***** Supplied information
(* Let $\mathcal{Z}$ be a data space with unknown distribution $\mu$, let $S=(Z_1,\dots,Z_n)$ have i.i.d. entries $Z_i\sim\mu$, let the learning algorithm be a Markov kernel $P_{W|S}$ producing a hypothesis $W$ in a hypothesis class $\mathcal{W}$, with $P_W$ the marginal of $W$ and $P_{W,Z_i}$ the joint law of $(W,Z_i)$. Let $l:\mathcal{W}\times\mathcal{Z}\to\mathbb{R}^+$ be a loss function. For each $i=1,\dots,n$ let $\widehat{P}_{W,Z_i}$ be a joint distribution on $\mathcal{W}\times\mathcal{Z}$ such that, when $(W,Z_i)\sim\widehat{P}_{W,Z_i}$, the random variable $l(W,Z_i)$ is $\sigma$-subgaussian. Let $A_i=KL(P_W\otimes\mu\,\|\,\widehat{P}_{W,Z_i})$ and $B_i=KL(P_{W,Z_i}\,\|\,\widehat{P}_{W,Z_i})$. Then $$|\overline{\text{gen}}(P_{W|S},\mu)|\le\frac2n\sum_{i=1}^n\sqrt{\sigma^2(A_i+B_i)}.$$
   Context: A random variable $X$ is $\sigma$-subgaussian if $\mathbb{E}[e^{\lambda(X-\mathbb{E}X)}]\le e^{\lambda^2\sigma^2/2}$ for all $\lambda\in\mathbb{R}$. Expected generalization error: $\overline{\text{gen}}(P_{W|S},\mu)=\mathbb{E}_{P_{W,S}}\big[\int l(W,z)\,\mu(dz)-\frac1n\sum_{i=1}^n l(W,Z_i)\big]$. $KL$ denotes the Kullback–Leibler divergence with natural logarithm; $P_W\otimes\mu$ is the product measure. *)

theory Defs
  imports "HOL-Probability.Probability"
begin

definition KLdiv :: "'a measure \<Rightarrow> 'a measure \<Rightarrow> ereal" where
  "KLdiv P Q =
     (if absolutely_continuous Q P \<and> integrable P (\<lambda>x. ln (enn2real (RN_deriv Q P x)))
      then ereal (\<integral>x. ln (enn2real (RN_deriv Q P x)) \<partial>P)
      else \<infinity>)"

definition subgaussian :: "'a measure \<Rightarrow> ('a \<Rightarrow> real) \<Rightarrow> real \<Rightarrow> bool" where
  "subgaussian M X \<sigma> \<longleftrightarrow> integrable M X \<and>
     (\<forall>t::real. integrable M (\<lambda>x. exp (t * (X x - (\<integral>y. X y \<partial>M)))) \<and>
        (\<integral>x. exp (t * (X x - (\<integral>y. X y \<partial>M))) \<partial>M) \<le> exp (t\<^sup>2 * \<sigma>\<^sup>2 / 2))"

abbreviation sample_space :: "nat \<Rightarrow> 'z measure \<Rightarrow> (nat \<Rightarrow> 'z) measure" where
  "sample_space n Z \<equiv> PiM {..<n} (\<lambda>_. Z)"

abbreviation sample_law :: "nat \<Rightarrow> 'z measure \<Rightarrow> (nat \<Rightarrow> 'z) measure" where
  "sample_law n \<mu> \<equiv> PiM {..<n} (\<lambda>_. \<mu>)"

definition joint_WS :: "nat \<Rightarrow> 'w measure \<Rightarrow> 'z measure \<Rightarrow> 'z measure
    \<Rightarrow> ((nat \<Rightarrow> 'z) \<Rightarrow> 'w measure) \<Rightarrow> ('w \<times> (nat \<Rightarrow> 'z)) measure" where
  "joint_WS n W Z \<mu> K =
     sample_law n \<mu> \<bind> (\<lambda>s. distr (K s) (W \<Otimes>\<^sub>M sample_space n Z) (\<lambda>w. (w, s)))"

definition marg_W :: "nat \<Rightarrow> 'w measure \<Rightarrow> 'z measure \<Rightarrow> 'z measure
    \<Rightarrow> ((nat \<Rightarrow> 'z) \<Rightarrow> 'w measure) \<Rightarrow> 'w measure" where
  "marg_W n W Z \<mu> K = distr (joint_WS n W Z \<mu> K) W fst"

definition joint_WZi :: "nat \<Rightarrow> 'w measure \<Rightarrow> 'z measure \<Rightarrow> 'z measure
    \<Rightarrow> ((nat \<Rightarrow> 'z) \<Rightarrow> 'w measure) \<Rightarrow> nat \<Rightarrow> ('w \<times> 'z) measure" where
  "joint_WZi n W Z \<mu> K i = distr (joint_WS n W Z \<mu> K) (W \<Otimes>\<^sub>M Z) (\<lambda>(w, s). (w, s i))"

definition exp_gen :: "nat \<Rightarrow> 'w measure \<Rightarrow> 'z measure \<Rightarrow> 'z measure
    \<Rightarrow> ((nat \<Rightarrow> 'z) \<Rightarrow> 'w measure) \<Rightarrow> ('w \<Rightarrow> 'z \<Rightarrow> real) \<Rightarrow> real" where
  "exp_gen n W Z \<mu> K l =
     (\<integral>ws. ((\<integral>z. l (fst ws) z \<partial>\<mu>) - (1 / real n) * (\<Sum>i<n. l (fst ws) (snd ws i)))
        \<partial>(joint_WS n W Z \<mu> K))"

end

theory Submission
  imports Defs
begin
**********
Required action: Each line of the data that includes "where" should be copied.

Written solution:
definition KLdiv :: "'a measure \<Rightarrow> 'a measure \<Rightarrow> ereal" where
definition subgaussian :: "'a measure \<Rightarrow> ('a \<Rightarrow> real) \<Rightarrow> real \<Rightarrow> bool" where
abbreviation sample_space :: "nat \<Rightarrow> 'z measure \<Rightarrow> (nat \<Rightarrow> 'z) measure" where
abbreviation sample_law :: "nat \<Rightarrow> 'z measure \<Rightarrow> (nat \<Rightarrow> 'z) measure" where
    \<Rightarrow> ((nat \<Rightarrow> 'z) \<Rightarrow> 'w measure) \<Rightarrow> ('w \<times> (nat \<Rightarrow> 'z)) measure" where
    \<Rightarrow> ((nat \<Rightarrow> 'z) \<Rightarrow> 'w measure) \<Rightarrow> 'w measure" where
    \<Rightarrow> ((nat \<Rightarrow> 'z) \<Rightarrow> 'w measure) \<Rightarrow> nat \<Rightarrow> ('w \<times> 'z) measure" where
    \<Rightarrow> ((nat \<Rightarrow> 'z) \<Rightarrow> 'w measure) \<Rightarrow> ('w \<Rightarrow> 'z \<Rightarrow> real) \<Rightarrow> real" where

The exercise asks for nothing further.